I suspect is has something to do with powering the sticks vs powering the controllers. Or maybe in detecting whether anything is plugged in. Maybe the NES Advantage sticks follow a mildly different communications protocol. I don't know. Grasping.

jstest /dev/input/js0 doesn't show any activity for the NES Advantage sticks when they're in that "no lights" mode. Regular NES Controllers always work with the jstest, unless the NES Advantage stick has caused the "nothing is going to work now" problem.

Maybe the driver crashes? Would there be crash logs anywhere?

How should I proceed with troubleshooting this?

Thanks.

I am afraid that the NES Advantage is not supported yet. Until now, I did not have that joystick. But I just ordered it ;-) When it arrives I can take a deeper look into it. The NES Advantage seems special with its Turbo mode and player 1 and 2 switching capabilities.

Does changing the turbo modes make any differences?

Changing turbo didn't have any affect.

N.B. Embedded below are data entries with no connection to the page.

(* There is a constant $C_1>0$ such that for all integers $r\geq1$ and $k_1,\ldots,k_r\geq2$, writing $K=k_1+\cdots+k_r$, \[ \frac{1}{2^{K}}<\sum_{n_1\geq\cdots\geq n_r\geq2}\frac{1}{n_1^{k_1}\cdots n_r^{k_r}}\leq\frac{C_1}{2^{K}},\qquad \frac{1}{2^{K+1}}<\sum_{n_1\geq\cdots\geq n_{r+1}\geq2}\frac{1}{n_1^{k_1}\cdots n_r^{k_r}\,n_{r+1}}\leq\frac{C_1}{2^{K}}. \]
   Context: The constant $C_1$ is independent of $r$ and $k_1,\ldots,k_r$. *)

theory Defs
  imports "HOL-Analysis.Analysis"
begin

text \<open>Index tuples (n_1,...,n_m) with n_1 \<ge> ... \<ge> n_m \<ge> 2, stored as
  extensional functions on {..<m}: position i (0-based) holds n_(i+1).\<close>
definition desc_tuples :: "nat \<Rightarrow> (nat \<Rightarrow> nat) set" where
  "desc_tuples m = {n. n \<in> {..<m} \<rightarrow>\<^sub>E (UNIV :: nat set)
      \<and> (\<forall>i. Suc i < m \<longrightarrow> n (Suc i) \<le> n i)
      \<and> (\<forall>i<m. 2 \<le> n i)}"

end

(*
  After factoring out 2^K, every factor (2/n_i)^k_i is at most 4/n_i^2.  Summing over the
  largest coordinate first, the bound Q(m) = 6m(m-1)/((m+1)(m+2)) for the sum over tuples
  with entries at most m reproduces itself, because Q(m) = Q(m-1) + (4/m^2) Q(m) gives
  Q(m) = sum_{a=2..m} (4/a^2) Q(a).  Hence these sums are at most Q(m) < 6, uniformly in r.
  In the second sum the last two coordinates contribute at most
  sum_{c >= b >= 2} 4/(c^2 b) <= 4, so both sums are at most 24/2^K.  The lower bounds
  come from the term with all n_i = 2 together with any other (positive) term.
*)
theory Submission
  imports Defs
begin

definition desc_tuples_le :: "nat \<Rightarrow> nat \<Rightarrow> (nat \<Rightarrow> nat) set" where
  "desc_tuples_le q m = {n \<in> desc_tuples q. \<forall>i<q. n i \<le> m}"

definition tuple_cons :: "nat \<Rightarrow> (nat \<Rightarrow> nat) \<Rightarrow> nat \<Rightarrow> nat" where
  "tuple_cons a t = (\<lambda>i. if i = 0 then a else t (i - 1))"

lemma desc_tuples_antimono:
  assumes "n \<in> desc_tuples q" "i \<le> j" "j < q"
  shows "n j \<le> n i"
  using assms(2,3)
proof (induction j)
  case (Suc j)
  have "n (Suc j) \<le> n j" using assms(1) Suc.prems by (auto simp: desc_tuples_def)
  then show ?case using Suc by (cases "i = Suc j") auto
qed simp

lemma finite_desc_tuples_le: "finite (desc_tuples_le q m)"
proof (rule finite_subset)
  show "desc_tuples_le q m \<subseteq> PiE {..<q} (\<lambda>_. {..m})"
    by (auto simp: desc_tuples_le_def desc_tuples_def PiE_def extensional_def)
qed (simp add: finite_PiE)

lemma desc_tuples_le_0: "desc_tuples_le 0 m = {\<lambda>_. undefined}"
  by (auto simp: desc_tuples_le_def desc_tuples_def PiE_def extensional_def)

lemma desc_tuples_le_Suc:
  "desc_tuples_le (Suc q) m = (\<lambda>(a, t). tuple_cons a t) ` (SIGMA a:{2..m}. desc_tuples_le q a)"
proof (intro equalityI subsetI)
  fix n assume n: "n \<in> desc_tuples_le (Suc q) m"
  have "(\<lambda>i. n (Suc i)) \<in> desc_tuples_le q (n 0)"
    using n desc_tuples_antimono[of n "Suc q" 0]
    by (auto simp: desc_tuples_le_def desc_tuples_def PiE_def extensional_def)
  moreover have "n 0 \<in> {2..m}" using n by (auto simp: desc_tuples_le_def desc_tuples_def)
  moreover have "n = tuple_cons (n 0) (\<lambda>i. n (Suc i))" by (auto simp: tuple_cons_def)
  ultimately show "n \<in> (\<lambda>(a, t). tuple_cons a t) ` (SIGMA a:{2..m}. desc_tuples_le q a)"
    by force
next
  fix n assume "n \<in> (\<lambda>(a, t). tuple_cons a t) ` (SIGMA a:{2..m}. desc_tuples_le q a)"
  then obtain a t where a: "a \<in> {2..m}" and t: "t \<in> desc_tuples_le q a"
    and n: "n = tuple_cons a t" by auto
  have "n (Suc i) \<le> n i" if "Suc i < Suc q" for i
    using t that by (cases i) (auto simp: n tuple_cons_def desc_tuples_le_def desc_tuples_def)
  moreover have "2 \<le> n i \<and> n i \<le> m" if "i < Suc q" for i
    using a t that by (cases i) (auto simp: n tuple_cons_def desc_tuples_le_def desc_tuples_def)
  moreover have "n \<in> {..<Suc q} \<rightarrow>\<^sub>E UNIV"
    using t by (auto simp: n desc_tuples_le_def desc_tuples_def PiE_def extensional_def tuple_cons_def)
  ultimately show "n \<in> desc_tuples_le (Suc q) m"
    by (simp add: desc_tuples_le_def desc_tuples_def)
qed

lemma inj_on_tuple_cons: "inj_on (\<lambda>(a, t). tuple_cons a t) X"
proof (rule inj_onI, clarify)
  fix a t b u assume eq: "tuple_cons a t = tuple_cons b u"
  have "t = u"
  proof
    fix i show "t i = u i" using fun_cong[OF eq, of "Suc i"] by (simp add: tuple_cons_def)
  qed
  then show "a = b \<and> t = u" using fun_cong[OF eq, of 0] by (simp add: tuple_cons_def)
qed

lemma sum_desc_tuples_le_Suc:
  "(\<Sum>n\<in>desc_tuples_le (Suc q) m. F n) = (\<Sum>a=2..m. \<Sum>t\<in>desc_tuples_le q a. F (tuple_cons a t))"
  unfolding desc_tuples_le_Suc
  by (subst sum.reindex[OF inj_on_tuple_cons])
     (simp add: sum.Sigma finite_desc_tuples_le split_def)

definition weight_fixpoint :: "nat \<Rightarrow> real" where
  "weight_fixpoint m = 6 * real m * (real m - 1) / ((real m + 1) * (real m + 2))"

lemma weight_fixpoint_Suc:
  "weight_fixpoint (Suc m) = weight_fixpoint m + 4 / real (Suc m) ^ 2 * weight_fixpoint (Suc m)"
proof -
  define x where "x = real m"
  define d where "d = (x + 1) * ((x + 2) * (x + 3))"
  have "x + 1 \<noteq> 0" "x + 3 \<noteq> 0" unfolding x_def by linarith+
  have "weight_fixpoint (Suc m) = 6 * (x + 1) * x / ((x + 2) * (x + 3))"
    by (simp add: weight_fixpoint_def x_def algebra_simps)
  also have "\<dots> = (x + 1) * (6 * (x + 1) * x) / d"
    using \<open>x + 1 \<noteq> 0\<close> by (simp add: d_def)
  also have "\<dots> = 6 * x * (x - 1) * (x + 3) / d + 24 * x / d"
    by (simp add: add_divide_distrib[symmetric] algebra_simps)
  also have "6 * x * (x - 1) * (x + 3) / d = weight_fixpoint m"
    using \<open>x + 3 \<noteq> 0\<close> by (simp add: weight_fixpoint_def x_def d_def)
  also have "24 * x / d = (x + 1) * (24 * x) / ((x + 1) * d)"
    using \<open>x + 1 \<noteq> 0\<close> by simp
  also have "\<dots> = 4 / real (Suc m) ^ 2 * weight_fixpoint (Suc m)"
    by (simp add: weight_fixpoint_def x_def d_def power2_eq_square algebra_simps)
  finally show ?thesis .
qed

lemma weight_fixpoint_ge_1: "m \<ge> 2 \<Longrightarrow> weight_fixpoint m \<ge> 1"
proof -
  assume "m \<ge> 2"
  then have "0 \<le> (5 * real m + 1) * (real m - 2)" by simp
  then have "(real m + 1) * (real m + 2) \<le> 6 * real m * (real m - 1)" by (simp add: algebra_simps)
  then show ?thesis by (simp add: weight_fixpoint_def)
qed

lemma weight_fixpoint_le_6: "weight_fixpoint m \<le> 6"
proof -
  have "6 * real m * (real m - 1) \<le> 6 * ((real m + 1) * (real m + 2))" by (simp add: algebra_simps)
  then show ?thesis by (simp add: weight_fixpoint_def divide_le_eq)
qed

lemma sum_weight_fixpoint:
  "m \<ge> 2 \<Longrightarrow> (\<Sum>a=2..m. 4 / real a ^ 2 * weight_fixpoint a) = weight_fixpoint m"
proof (induction m rule: dec_induct)
  case base then show ?case by (simp add: weight_fixpoint_def)
next
  case (step m)
  have "(\<Sum>a=2..Suc m. 4 / real a ^ 2 * weight_fixpoint a)
      = (\<Sum>a=2..m. 4 / real a ^ 2 * weight_fixpoint a) + 4 / real (Suc m) ^ 2 * weight_fixpoint (Suc m)"
    using step(1) by (subst sum.cl_ivl_Suc) simp
  also have "\<dots> = weight_fixpoint (Suc m)"
    unfolding step.IH by (rule weight_fixpoint_Suc[symmetric])
  finally show ?case .
qed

Flipping the 1/2 switch will reliably produce a short random burst of button presses, it seems like it's similar to plugging the device in.

Thanks for looking into this!

Could it have something to do with the NES Advantage expecting 5v but only getting 3.3v?

I've stumbled across this and this which make it seem like it is well known that the NES Advantage on 3.3v will not behave properly.

At the bottom of the first link is a reference to 4-channel I2C-safe Bi-directional Logic Level Converter - BSS138 from Adafruit, which sounds like exactly what I need.

I imagine I just stick one of these between each of the NES controller ports and the ControlBlock? Seems too good to be true.

That might be a reason. My Advantage arrived yesterday, but I did not find the time to dig deeper into this yet.
But: You do not need any additional component for supplying 5V to the NES controller. You could use the pins 2 or 4 of the ControlBlock as power supply pins with 5V, see

That was it! Both sticks are working perfectly now. Thanks!